Creating TAN metadata (<head>)

Creating TAN metadata (<head>)
Prev	Chapter 2. Starting off with the TAN format	Next

Creating TAN metadata (`<head>`)

Now that we have explored various IRI vocabularies for concepts related to our files concerning Ring-a-ring-a-roses, we can now complete the metadata in our four TAN files. Let us start with the TAN-T file of the 1881 version:

<TAN-T xmlns="tag:textalign.net,2015:ns" TAN-version="2021" 
    id="tag:parkj@textalign.net,2015:ring01">
    <head>
        <name>TAN transcription of Ring a Ring o' Roses</name>
        <master-location 
            href="http://textalign.net/release/TAN-2020/examples/ring-o-roses.eng.1881.xml"/>
        <license licensor="park">
            <IRI>http://creativecommons.org/licenses/by/4.0/</IRI>
            <name>Attribution 4.0 International</name>
        </license>
        <work>
            <IRI>http://dbpedia.org/resource/Ring_a_Ring_o%27_Roses</IRI>
            <name>"Ring a Ring o' Roses" or "Ring Around the Rosie"</name>
        </work>
        <source>
            <IRI>http://lccn.loc.gov/12032709</IRI>
            <name>Kate Greenaway, Mother Goose, New York, G. Routledge and sons [1881]</name>
        </source>
        <vocabulary-key>
            <person xml:id="park">
                <IRI>tag:parkj@textalign.net,2015:self</IRI>
                <name>Jenny Park</name>
            </person>
            <div-type xml:id="line">
                <IRI>http://dbpedia.org/resource/Line_(poetry)</IRI>
                <name>line of poetry</name>
            </div-type>
            <role xml:id="creator">
                <IRI>http://schema.org/creator</IRI>
                <name xml:lang="eng">creator</name>
            </role>
        </vocabulary-key>
        <file-resp who="park"/>
        <resp roles="creator" who="park"/>
        <change when="2014-08-13" who="park">Started file</change>
        <to-do/>
    </head>
    . . . . . . .
</TAN-T>

<name>, the human readable counterpart to the @id that is inside the root element, can be anything. And we can supply more than one <name>, in case we wish to provide alternative names of the file, or translations of them.

One or more <master-location>s provide URLs where master versions of the file are kept (and maintained). We provide this as a courtesy to others who might be using our data. Anyone who validates their local copy of the file will be warned if it does not match the master version, and they will be told of the most recent changes. With a couple of keystrokes, they can update their local copy to match the master. This one-way communication system lets us silently and conveniently notify other users of changes. We do not have to keep track of who is using our file, and users do not have to pester us with questions about what changed when.

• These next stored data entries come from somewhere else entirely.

definition partial_linear_space :: "'a set \<Rightarrow> 'a set set \<Rightarrow> bool" where
  "partial_linear_space P Ls \<longleftrightarrow>
     (\<forall>l\<in>Ls. l \<subseteq> P \<and> (\<exists>x y. x \<noteq> y \<and> x \<in> l \<and> y \<in> l)) \<and>
     (\<forall>p\<in>P. \<exists>l\<in>Ls. p \<in> l) \<and>
     (\<forall>l1\<in>Ls. \<forall>l2\<in>Ls. \<forall>x y. l1 \<noteq> l2 \<and> x \<in> l1 \<inter> l2 \<and> y \<in> l1 \<inter> l2 \<longrightarrow> x = y)"

definition lines_at_least_4 :: "'a set set \<Rightarrow> bool" where
  "lines_at_least_4 Ls \<longleftrightarrow> (\<forall>l\<in>Ls. infinite l \<or> card l \<ge> 4)"

definition subspace :: "'a set \<Rightarrow> 'a set set \<Rightarrow> 'a set \<Rightarrow> bool" where
  "subspace P Ls X \<longleftrightarrow> X \<subseteq> P \<and>
     (\<forall>l\<in>Ls. (\<exists>x y. x \<noteq> y \<and> x \<in> l \<inter> X \<and> y \<in> l \<inter> X) \<longrightarrow> l \<subseteq> X)"

definition hyperplane :: "'a set \<Rightarrow> 'a set set \<Rightarrow> 'a set \<Rightarrow> bool" where
  "hyperplane P Ls X \<longleftrightarrow> subspace P Ls X \<and> X \<noteq> P \<and> (\<forall>l\<in>Ls. l \<inter> X \<noteq> {})"

text \<open>Segre product of the family (S i, L i), i \<in> I. Points are the extensional
  functions in PiE I S; a[i/x] is a(i := x).\<close>

definition seg_points :: "'i set \<Rightarrow> ('i \<Rightarrow> 'a set) \<Rightarrow> ('i \<Rightarrow> 'a) set" where
  "seg_points I S = PiE I S"

definition subst_set :: "('i \<Rightarrow> 'a) \<Rightarrow> 'i \<Rightarrow> 'a set \<Rightarrow> ('i \<Rightarrow> 'a) set" where
  "subst_set a i A = (\<lambda>x. a(i := x)) ` A"

definition seg_lines :: "'i set \<Rightarrow> ('i \<Rightarrow> 'a set) \<Rightarrow> ('i \<Rightarrow> 'a set set) \<Rightarrow> ('i \<Rightarrow> 'a) set set" where
  "seg_lines I S L = {subst_set a i l | a i l. a \<in> seg_points I S \<and> i \<in> I \<and> l \<in> L i}"

definition section_at :: "('i \<Rightarrow> 'a) set \<Rightarrow> ('i \<Rightarrow> 'a set) \<Rightarrow> ('i \<Rightarrow> 'a) \<Rightarrow> 'i \<Rightarrow> 'a set" where
  "section_at H S a i = {x \<in> S i. a(i := x) \<in> H}"

definition non_degenerate :: "'i set \<Rightarrow> ('i \<Rightarrow> 'a set) \<Rightarrow> ('i \<Rightarrow> 'a set set) \<Rightarrow> ('i \<Rightarrow> 'a) set \<Rightarrow> bool" where
  "non_degenerate I S L H \<longleftrightarrow>
     (\<forall>a\<in>seg_points I S. \<forall>i\<in>I. hyperplane (S i) (L i) (section_at H S a i))"

definition compl_lines :: "'a set set \<Rightarrow> 'a set \<Rightarrow> 'a set set" where
  "compl_lines Ls H = {l - H | l. l \<in> Ls \<and> \<not> l \<subseteq> H}"

definition pt_adj :: "'a set set \<Rightarrow> 'a \<Rightarrow> 'a \<Rightarrow> bool" where
  "pt_adj CL p q \<longleftrightarrow> (\<exists>K\<in>CL. p \<in> K \<and> q \<in> K)"

definition ln_adj :: "'a set \<Rightarrow> 'a set \<Rightarrow> bool" where
  "ln_adj K1 K2 \<longleftrightarrow> K1 \<inter> K2 \<noteq> {}"

definition par_star :: "'a set set \<Rightarrow> 'a set \<Rightarrow> 'a set \<Rightarrow> bool" where
  "par_star CL K1 K2 \<longleftrightarrow> K1 \<in> CL \<and> K2 \<in> CL \<and>
     (\<exists>p q r s. distinct [p, q, r, s] \<and>
        pt_adj CL p q \<and> pt_adj CL q r \<and> pt_adj CL r s \<and> pt_adj CL s p \<and>
        \<not> pt_adj CL p r \<and> \<not> pt_adj CL q s \<and>
        p \<in> K1 \<and> q \<in> K1 \<and> r \<in> K2 \<and> s \<in> K2)"

definition line_equiv :: "'a set set \<Rightarrow> 'a set \<Rightarrow> 'a set \<Rightarrow> bool" where
  "line_equiv CL L1 L2 \<longleftrightarrow> L1 \<in> CL \<and> L2 \<in> CL \<and>
     (\<exists>K1\<in>CL. \<exists>K2\<in>CL. \<exists>M1\<in>CL. \<exists>M2\<in>CL.
        par_star CL K1 K2 \<and>
        ln_adj M1 K1 \<and> ln_adj M1 K2 \<and> ln_adj M2 K1 \<and> ln_adj M2 K2 \<and>
        ln_adj L1 K1 \<and> ln_adj L1 K2 \<and>
        ln_adj L2 M1 \<and> ln_adj L2 M2 \<and> \<not> ln_adj L1 L2)"

end

theory Submission
  imports Defs
begin

text \<open>Let \<open>p\<close> be a common point of \<open>L\<^sub>1\<close> and \<open>L\<^sub>2\<close> in \<open>H\<close>. As the two lines do not lie in a
  common \<open>b[i/S\<^sub>i]\<close>, they run in different directions \<open>i \<noteq> j\<close>: \<open>L\<^sub>1 = p[i/l\<^sub>1]\<close> and
  \<open>L\<^sub>2 = p[j/l\<^sub>2]\<close> are the axes of a grid of points \<open>p[j/y][i/x]\<close>, whose rows and columns are
  lines of the product, while two grid points differing in both coordinates are never collinear.
  Pick \<open>y\<^sub>1 \<in> l\<^sub>2\<close> other than \<open>p\<^sub>j\<close>. The row through \<open>y\<^sub>1\<close> is not contained in \<open>H\<close>, so it
  meets \<open>H\<close> in at most one point, and as lines have at least four points there are
  \<open>x\<^sub>1 \<noteq> x\<^sub>2\<close> in \<open>l\<^sub>1\<close> avoiding \<open>p\<^sub>i\<close> and that point. The four grid points over
  \<open>{x\<^sub>1, x\<^sub>2} \<times> {p\<^sub>j, y\<^sub>1}\<close> form a quadrangle without diagonals on the columns through \<open>x\<^sub>1\<close>
  and \<open>x\<^sub>2\<close>, closed by \<open>L\<^sub>1\<close> and the row through \<open>y\<^sub>1\<close>; this row also meets \<open>L\<^sub>2\<close> outside
  \<open>H\<close>, so it serves as both \<open>M\<^sub>1\<close> and \<open>M\<^sub>2\<close>.\<close>

lemma subspace_line_meets_once:
  assumes "subspace P Ls X" "l \<in> Ls" "\<not> l \<subseteq> X" "p \<in> l \<inter> X" "q \<in> l \<inter> X"
  shows "q = p"
  using assms unfolding subspace_def by blast

lemma subspace_line_notin:
  assumes "subspace P Ls X" "l \<in> Ls" "\<not> l \<subseteq> X" "p \<in> l \<inter> X" "q \<in> l" "q \<noteq> p"
  shows "q \<notin> X"
  using subspace_line_meets_once[OF assms(1-4)] assms(5,6) by blast

lemma subspace_line_inter_subsingleton:
  assumes "subspace P Ls X" "l \<in> Ls" "\<not> l \<subseteq> X"
  obtains q where "l \<inter> X \<subseteq> {q}"
  using subspace_line_meets_once[OF assms] by blast

lemma two_points_avoiding:
  assumes "infinite l \<or> card l \<ge> 4"
  obtains x1 x2 where "x1 \<in> l" "x2 \<in> l" "x1 \<noteq> x2" "x1 \<notin> {a, b}" "x2 \<notin> {a, b}"
proof -
  have not_in_three: "\<not> l \<subseteq> {a, b, c}" for c
  proof
    assume sub: "l \<subseteq> {a, b, c}"
    then have "finite l" using finite_subset by blast
    moreover have "card l \<le> card {a, b, c}" using sub by (simp add: card_mono)
    moreover have "card {a, b, c} \<le> 3" by (simp add: card_insert_if)
    ultimately show False using assms by simp
  qed
  obtain x1 where "x1 \<in> l" "x1 \<notin> {a, b}" using not_in_three[of a] by blast
  moreover obtain x2 where "x2 \<in> l" "x2 \<notin> {a, b, x1}" using not_in_three[of x1] by blast
  ultimately show thesis using that by blast
qed

lemma compl_lines_memI: "l \<in> Ls \<Longrightarrow> z \<in> l \<Longrightarrow> z \<notin> H \<Longrightarrow> l - H \<in> compl_lines Ls H"
  unfolding compl_lines_def by blast

lemma pt_adj_compl_linesD:
  assumes "pt_adj (compl_lines Ls H) f g"
  obtains l where "l \<in> Ls" "f \<in> l" "g \<in> l"
  using assms unfolding pt_adj_def compl_lines_def by blast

<master-location> is mandatory only if we are finished with our to-do list, which is specified at <to-do>. If that element is empty, then we imply that we do not know anything further that should be done to the file. Conversely, any elements in <to-do> specify what remains to be done, and details will be returned to other users. That way you can release data that is useful but not completely perfect, and let users know about its deficiencies. This approach is ideal for formats such as TAN-A-tok, where you might have released only some of the data, and you are working on the rest.

One day the link in <master-location> will be dead. But perhaps a copy of our file will be in circulation elsewhere. The document @id in the root element provides a way to identify files, independent of links, and perhaps locate them in unexpected places.

<license> specifies the license under which we are releasing our data. This element has nothing to do with the copyright of the source we have used (although, having been published in 1881, the book is clearly in the public domain). That is, we are specifying what rights are attached to the data, not its source, i.e., if we have placed additional strictures on the content in <body>. In this example, we have released the data under a creative commons license. The child element <IRI> specifies a Creative Commons IRI, and <name> is the human-readable form.

@licensor specifies who has granted the license, in this case our fictive Jenny Park (see below).

The conjunction of <IRI> and <name>, the IRI + name pattern, recurs throughout TAN files. They are used provide identifiers for vocabulary items. In an element that takes the IRI + name pattern, we may include as many children <IRI>s or <name>s as we like. But if we do so, we are stating that they are synonymous, i.e., that they all name the same thing. (Once again, an IRI is unique, so it should never be used to identify more than one thing.)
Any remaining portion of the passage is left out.